I found a tutorial that helped me get a working alarm setup but in the tutorial we used a date picker to set the time of the alarm. All was going well, so I attempted to replace the date picker with a method of my own and set the alarm that way. Problem is it doesn't seem to be working, no alarm pops up when I set that date to today but works fine when I use the date picker. Can anyone tell me what I'm doing wrong? I ran this through debug and my query is returning the proper date, I'm getting the right numbers and all but it doesn't seem to work.
I'm hoping someone can point out something I've missed?
EDIT
I call setNotif()
through a button in the ui. I basically remodelled it to just have a button for testing. I get the toast but no alarm goes off no matter what I try.

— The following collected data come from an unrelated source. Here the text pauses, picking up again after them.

(* Let $N=[n(i,j)]$, $\mathfrak h$, $\alpha_i$, $\mathcal A$, $F$, $v_1,\dots,v_r$ be as in the context. Suppose $\delta_1,\dots,\delta_r,\delta_{-1},\dots,\delta_{-r}\in\mathrm{Im}\,F$ are such that, with $\mathbf X_i=v_i\delta_i$ and $\mathbf X_{-i}=v_i^{-1}\delta_{-i}$, one has $[\mathbf X_i,\mathbf X_{-i}]=F(H_i)$ for all $i$ and $[\mathbf X_i,\mathbf X_{-j}]=0$ for $i\neq j$. Then also, for all $i\neq j$, $$\mathrm{ad}(\mathbf X_i)^{1-n(i,j)}(\mathbf X_j)=0\quad\text{and}\quad \mathrm{ad}(\mathbf X_{-i})^{1-n(i,j)}(\mathbf X_{-j})=0$$ in $\mathrm{Der}(\mathcal A)$.
   Context: A generalised Cartan matrix is $N=[n(i,j)]_{1\le i,j\le r}$ with $n(i,j)\in\mathbb Z$, $n(i,i)=2$, $n(i,j)\le 0$ for $i\neq j$, and $n(i,j)=0\iff n(j,i)=0$. Let $s$ be the corank of $N$, $\mathfrak h$ the complex vector space with basis $H_1,\dots,H_{r+s}$, and $\alpha_1,\dots,\alpha_r\in\mathfrak h^*$ linearly independent with $\alpha_j(H_i)=n(i,j)$ for $1\le i,j\le r$. $\mathcal A$ is a complex commutative algebra, $\mathrm{Der}(\mathcal A)$ its Lie algebra of derivations (commutator bracket); for $a\in\mathcal A$, $D\in\mathrm{Der}(\mathcal A)$, $aD$ is $b\mapsto aD(b)$. $F:\mathfrak h\to\mathrm{Der}(\mathcal A)$ is a Lie algebra homomorphism ($\mathfrak h$ abelian) and $v_1,\dots,v_r\in\mathcal A$ are invertible with $F(H)(v_i)=\alpha_i(H)v_i$ for all $H\in\mathfrak h$. *)

theory Defs
  imports Complex_Main
begin

definition gen_cartan :: "nat \<Rightarrow> (nat \<Rightarrow> nat \<Rightarrow> int) \<Rightarrow> bool" where
  "gen_cartan r N \<longleftrightarrow>
     (\<forall>i\<in>{1..r}. N i i = 2) \<and>
     (\<forall>i\<in>{1..r}. \<forall>j\<in>{1..r}. i \<noteq> j \<longrightarrow> N i j \<le> 0) \<and>
     (\<forall>i\<in>{1..r}. \<forall>j\<in>{1..r}. N i j = 0 \<longleftrightarrow> N j i = 0)"

definition cols_indep :: "nat \<Rightarrow> (nat \<Rightarrow> nat \<Rightarrow> int) \<Rightarrow> nat set \<Rightarrow> bool" where
  "cols_indep r N S \<longleftrightarrow>
     (\<forall>l::nat \<Rightarrow> complex. (\<forall>i\<in>{1..r}. (\<Sum>j\<in>S. l j * of_int (N i j)) = 0)
        \<longrightarrow> (\<forall>j\<in>S. l j = 0))"

definition mat_rank :: "nat \<Rightarrow> (nat \<Rightarrow> nat \<Rightarrow> int) \<Rightarrow> nat" where
  "mat_rank r N = Max {card S | S. S \<subseteq> {1..r} \<and> cols_indep r N S}"

definition corank :: "nat \<Rightarrow> (nat \<Rightarrow> nat \<Rightarrow> int) \<Rightarrow> nat" where
  "corank r N = r - mat_rank r N"

section \<open>The Cartan subalgebra h = C^m with basis H_1..H_m (coordinates)\<close>

definition hspace :: "nat \<Rightarrow> (nat \<Rightarrow> complex) set" where
  "hspace m = {c. \<forall>k. k \<notin> {1..m} \<longrightarrow> c k = 0}"

definition Hb :: "nat \<Rightarrow> nat \<Rightarrow> complex" where
  "Hb k = (\<lambda>l. if l = k then 1 else 0)"

text \<open>A complex commutative algebra: a commutative ring 'a together with a unital ring
  homomorphism phi from the complex numbers (scalar multiplication z.a = phi z * a).\<close>
definition complex_alg_hom :: "(complex \<Rightarrow> 'a::comm_ring_1) \<Rightarrow> bool" where
  "complex_alg_hom phi \<longleftrightarrow> phi 1 = 1 \<and>
     (\<forall>x y. phi (x + y) = phi x + phi y) \<and> (\<forall>x y. phi (x * y) = phi x * phi y)"

definition is_derivation :: "(complex \<Rightarrow> 'a::comm_ring_1) \<Rightarrow> ('a \<Rightarrow> 'a) \<Rightarrow> bool" where
  "is_derivation phi D \<longleftrightarrow>
     (\<forall>a b. D (a + b) = D a + D b) \<and>
     (\<forall>z a. D (phi z * a) = phi z * D a) \<and>
     (\<forall>a b. D (a * b) = a * D b + D a * b)"

definition lie_br :: "('a::comm_ring_1 \<Rightarrow> 'a) \<Rightarrow> ('a \<Rightarrow> 'a) \<Rightarrow> ('a \<Rightarrow> 'a)" where
  "lie_br D E = (\<lambda>b. D (E b) - E (D b))"

definition lmult :: "'a::comm_ring_1 \<Rightarrow> ('a \<Rightarrow> 'a) \<Rightarrow> ('a \<Rightarrow> 'a)" where
  "lmult a D = (\<lambda>b. a * D b)"

end

theory Submission
  imports Defs
begin

text \<open>
  Write X_i = v_i F(c_i) and X_{-i} = v_i^{-1} F(d_i). Because the F(c) commute, the bracket
  of u F(c) and w F(e), for weight vectors u and w, is u w F(e') with e' an explicit
  combination of c and e. Iterating: if u and w have weights A and B on c, and u has weight
  a on e, then ad(u F(c))^k (w F(e)) = u^k w F(x_k e + y_k c) with
  x_k = prod_{l<k} (l A + B) and y_k = -k a prod_{l<k-1} (l A + B).

  Evaluating the relations [X_i, X_{-j}] = delta_ij F(H_i) on the weight vectors v_q gives
  scalar identities between the numbers alpha_q(c_k), alpha_q(d_k). They force
  alpha_j(c_i) = -p alpha_i(c_i) and alpha_j(d_i) = -q alpha_i(d_i) with p, q in {0, 1} and
  n(i,j) = -(p + q), so that for k = 1 - n(i,j) a factor l A + B of x_k and y_k vanishes.
  The negative generators are treated in the same way, v_i^{-1} having weight -alpha_i.
\<close>

locale abelian_action_by_derivations =
  fixes phi :: "complex \<Rightarrow> 'a::comm_ring_1"
    and F :: "(nat \<Rightarrow> complex) \<Rightarrow> 'a \<Rightarrow> 'a"
    and H :: "(nat \<Rightarrow> complex) set"
  assumes phi_hom: "complex_alg_hom phi"
    and F_derivation: "c \<in> H \<Longrightarrow> is_derivation phi (F c)"
    and F_linear: "c \<in> H \<Longrightarrow> d \<in> H \<Longrightarrow> F (\<lambda>k. c k + z * d k) = (\<lambda>b. F c b + phi z * F d b)"
    and F_commute: "c \<in> H \<Longrightarrow> d \<in> H \<Longrightarrow> lie_br (F c) (F d) = (\<lambda>_. 0)"
    and H_zero: "(\<lambda>_. 0) \<in> H"
    and H_lincomb: "c \<in> H \<Longrightarrow> d \<in> H \<Longrightarrow> (\<lambda>k. x * c k + y * d k) \<in> H"
begin

lemma phi_add: "phi (x + y) = phi x + phi y"
  and phi_mult: "phi (x * y) = phi x * phi y"
  and phi_1: "phi 1 = 1"
  using phi_hom by (auto simp: complex_alg_hom_def)

lemma phi_0: "phi 0 = 0"
  using phi_add[of 0 0] by simp

lemma phi_minus: "phi (- x) = - phi x"
  using phi_add[of x "- x"] by (simp add: phi_0 eq_neg_iff_add_eq_0 add.commute)

lemma phi_diff: "phi (x - y) = phi x - phi y"
  using phi_add[of x "- y"] by (simp add: phi_minus)

lemma phi_cancel:
  assumes "(1::'a) \<noteq> 0" "u * u' = 1" "phi x * u = phi y * u"
  shows "x = y"
proof (rule ccontr)
  assume "x \<noteq> y"
  have "phi (x - y) * u = 0"
    using assms(3) by (simp add: phi_diff algebra_simps)
  then have "phi (x - y) * phi (inverse (x - y)) * (u * u') = 0"
    by (metis mult.commute mult.left_commute mult_zero_left)
  then show False
    using \<open>x \<noteq> y\<close> assms(1,2) by (simp add: phi_mult[symmetric] phi_1)
qed

lemma F_mult: "c \<in> H \<Longrightarrow> F c (a * b) = a * F c b + F c a * b"
  using F_derivation by (simp add: is_derivation_def)

lemma F_swap: "c \<in> H \<Longrightarrow> d \<in> H \<Longrightarrow> F c (F d b) = F d (F c b)"
  using fun_cong[OF F_commute, of c d b] by (simp add: lie_br_def)

lemma F_at_zero: "F (\<lambda>_. 0) b = 0"
  using fun_cong[OF F_linear[OF H_zero H_zero, of 1], of b] by (simp add: phi_1)

lemma F_lincomb:
  assumes "c \<in> H" "d \<in> H"
  shows "F (\<lambda>k. x * c k + y * d k) b = phi x * F c b + phi y * F d b"
proof -
  have scale: "F (\<lambda>k. x * c k) b = phi x * F c b"
    using fun_cong[OF F_linear[OF H_zero assms(1), of x], of b] by (simp add: F_at_zero)
  have "(\<lambda>k. x * c k) \<in> H"
    using H_lincomb[OF assms(1) assms(1), of x 0] by simp
  from fun_cong[OF F_linear[OF this assms(2), of y], of b] show ?thesis
    by (simp add: scale)
qed

lemma weight_lincomb:
  assumes "c \<in> H" "e \<in> H" "F c u = phi A * u" "F e u = phi a * u"
  shows "F (\<lambda>t. x * e t + y * c t) u = phi (x * a + y * A) * u"
  using assms by (simp add: F_lincomb phi_add phi_mult algebra_simps)

lemma weight_mult:
  assumes "c \<in> H" "F c u = phi A * u" "F c w = phi B * w"
  shows "F c (u * w) = phi (A + B) * (u * w)"
  using assms by (simp add: F_mult phi_add algebra_simps)

lemma weight_power_mult:
  assumes "c \<in> H" "F c u = phi A * u" "F c w = phi B * w"
  shows "F c (u ^ k * w) = phi (of_nat k * A + B) * (u ^ k * w)"
proof (induction k)
  case 0
  then show ?case using assms(3) by simp
next
  case (Suc k)
  have "F c (u * (u ^ k * w)) = phi (A + (of_nat k * A + B)) * (u * (u ^ k * w))"
    by (rule weight_mult[OF assms(1,2) Suc.IH])
  then show ?case by (simp add: algebra_simps)
qed

lemma weight_inverse:
  assumes "c \<in> H" "u * u' = 1" "F c u = phi A * u"
  shows "F c u' = phi (- A) * u'"
proof -
  have "F c (u * u') = 0"
    using F_mult[OF assms(1), of 1 1] assms(2) by simp
  then have "u' * (u * F c u' + phi A * u * u') = 0"
    using F_mult[OF assms(1), of u u'] assms(3) by simp
  also have "u' * (u * F c u' + phi A * u * u') = (u * u') * F c u' + (u * u') * (phi A * u')"
    by (simp add: algebra_simps)
  finally show ?thesis
    using assms(2) by (simp add: phi_minus eq_neg_iff_add_eq_0)
qed

lemma lie_br_lmult:
  assumes "c \<in> H" "e \<in> H" "F c w = phi \<beta> * w" "F e u = phi \<gamma> * u"
  shows "lie_br (lmult u (F c)) (lmult w (F e)) = lmult (u * w) (F (\<lambda>t. \<beta> * e t + (- \<gamma>) * c t))"
proof
  fix b
  have lincomb: "F (\<lambda>t. \<beta> * e t + (- \<gamma>) * c t) b = phi \<beta> * F e b - phi \<gamma> * F c b"
    using F_lincomb[OF assms(2,1), of \<beta> "- \<gamma>"] by (simp add: phi_minus)
  show "lie_br (lmult u (F c)) (lmult w (F e)) b = lmult (u * w) (F (\<lambda>t. \<beta> * e t + (- \<gamma>) * c t)) b"
    unfolding lie_br_def lmult_def lincomb
    using assms F_mult[OF assms(1), of w "F e b"] F_mult[OF assms(2), of u "F c b"] F_swap[OF assms(1,2)]
    by (simp add: algebra_simps)
qed

lemma ad_power_lmult:
  assumes "c \<in> H" "e \<in> H" "F c u = phi A * u" "F c w = phi B * w" "F e u = phi a * u"
  shows "(lie_br (lmult u (F c)) ^^ k) (lmult w (F e)) =
    lmult (u ^ k * w) (F (\<lambda>t. (\<Prod>l<k. of_nat l * A + B) * e t
                              + (- of_nat k * a * (\<Prod>l<k - 1. of_nat l * A + B)) * c t))"
proof (induction k)
  case 0
  then show ?case by simp
next
  case (Suc k)
  define p where "p n = (\<Prod>l<n. of_nat l * A + B)" for n
  define x where "x = p k"
  define y where "y = - of_nat k * a * p (k - 1)"
  have e_k: "(\<lambda>t. x * e t + y * c t) \<in> H"
    using H_lincomb[OF assms(2,1)] .
  have "lie_br (lmult u (F c)) (lmult (u ^ k * w) (F (\<lambda>t. x * e t + y * c t)))
      = lmult (u * (u ^ k * w)) (F (\<lambda>t. (of_nat k * A + B) * (x * e t + y * c t) + (- (x * a + y * A)) * c t))"
    by (rule lie_br_lmult[OF assms(1) e_k weight_power_mult[OF assms(1,3,4)]
          weight_lincomb[OF assms(1,2,3,5)]])
  also have "(\<lambda>t. (of_nat k * A + B) * (x * e t + y * c t) + (- (x * a + y * A)) * c t)
      = (\<lambda>t. ((of_nat k * A + B) * x) * e t + ((of_nat k * A + B) * y - (x * a + y * A)) * c t)"
    by (simp add: algebra_simps)
  also have "(of_nat k * A + B) * x = p (Suc k)"
    by (simp add: x_def p_def mult.commute)
  also have "(of_nat k * A + B) * y - (x * a + y * A) = - of_nat (Suc k) * a * p (Suc k - 1)"
    by (cases k) (simp_all add: x_def y_def p_def algebra_simps)
  finally show ?case
    using Suc.IH by (simp add: x_def y_def p_def mult.assoc)
qed

lemma ad_power_vanishes:
  assumes "c \<in> H" "e \<in> H" "F c u = phi A * u" "F c w = phi B * w" "F e u = phi a * u"
    and "B = - of_nat l * A" "l + 2 \<le> k \<or> (a = 0 \<and> l + 1 \<le> k)"
  shows "(lie_br (lmult u (F c)) ^^ k) (lmult w (F e)) = (\<lambda>_. 0)"
proof -
  have root: "of_nat l * A + B = 0"
    using assms(6) by simp
  have x: "(\<Prod>i<k. of_nat i * A + B) = 0"
    using assms(7) root by (auto intro!: bexI[of _ l])
  have y: "- of_nat k * a * (\<Prod>i<k - 1. of_nat i * A + B) = 0"
    using assms(7) root by (auto intro!: bexI[of _ l])
  show ?thesis
    unfolding ad_power_lmult[OF assms(1-5)] x y by (simp add: F_at_zero lmult_def)
qed

end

Here's the original date picker code
public void onDateSelectedButtonClick(View v){
int day = picker.getDayOfMonth();
int month = picker.getMonth();
int year = picker.getYear();
Calendar c = Calendar.getInstance();
c.set(year, month, day);
c.set(Calendar.HOUR_OF_DAY, 0);
c.set(Calendar.MINUTE, 0);
c.set(Calendar.SECOND, 0);
scheduleClient.setAlarmForNotification(c);
Toast.makeText(this, "Notification set for: "+ day +"/"+ (month+1) +"/"+ year, Toast.LENGTH_SHORT).show();
}
Here's the method I tried to replace it with
It calls a query to get a specific date from my database and supposedly sets an alarm 3 days prior. I tested it by changing the date of my phone and by making it set the alarm to today as well but neither have worked.
public void setNotif() {
// Getting the next date of payments which the alarm will be based on
DatabaseHelper db = new DatabaseHelper(this);
String thisdate = getCurDate();
Cursor cur = db.nextdate(thisdate);
String date= "";
if (cur!= null) {
if (cur.moveToFirst()) {
date = cur.getString(0);
}
}
try {
DateFormat inputFormat = new SimpleDateFormat("yyyy-MM-dd");
Date input = inputFormat.parse(date);
String finaldate = inputFormat.format(input);
String d = finaldate.substring(8,10);
String m = finaldate.substring(5,7);
String y = finaldate.substring(0,4);
int da = Integer.parseInt(d);
int month = Integer.parseInt(m);
int year = Integer.parseInt(y);
int day = da - 3;
Calendar c = Calendar.getInstance();
c.set(year, month, day);
c.set(Calendar.HOUR_OF_DAY, 0);
c.set(Calendar.MINUTE, 0);
c.set(Calendar.SECOND, 0);
scheduleClient.setAlarmForNotification(c);
Toast.makeText(this, "Notification set for: "+ day +"/"+ month +"/"+ year, Toast.LENGTH_SHORT).show();
}catch (Exception ex) {
Alerts.CatchError(Kik.this, ex.toString());
}
}
This is an easy road block to run into, unfortunately and it doesn't really have anything to do with Android. It's a holdover from Java date/calendar.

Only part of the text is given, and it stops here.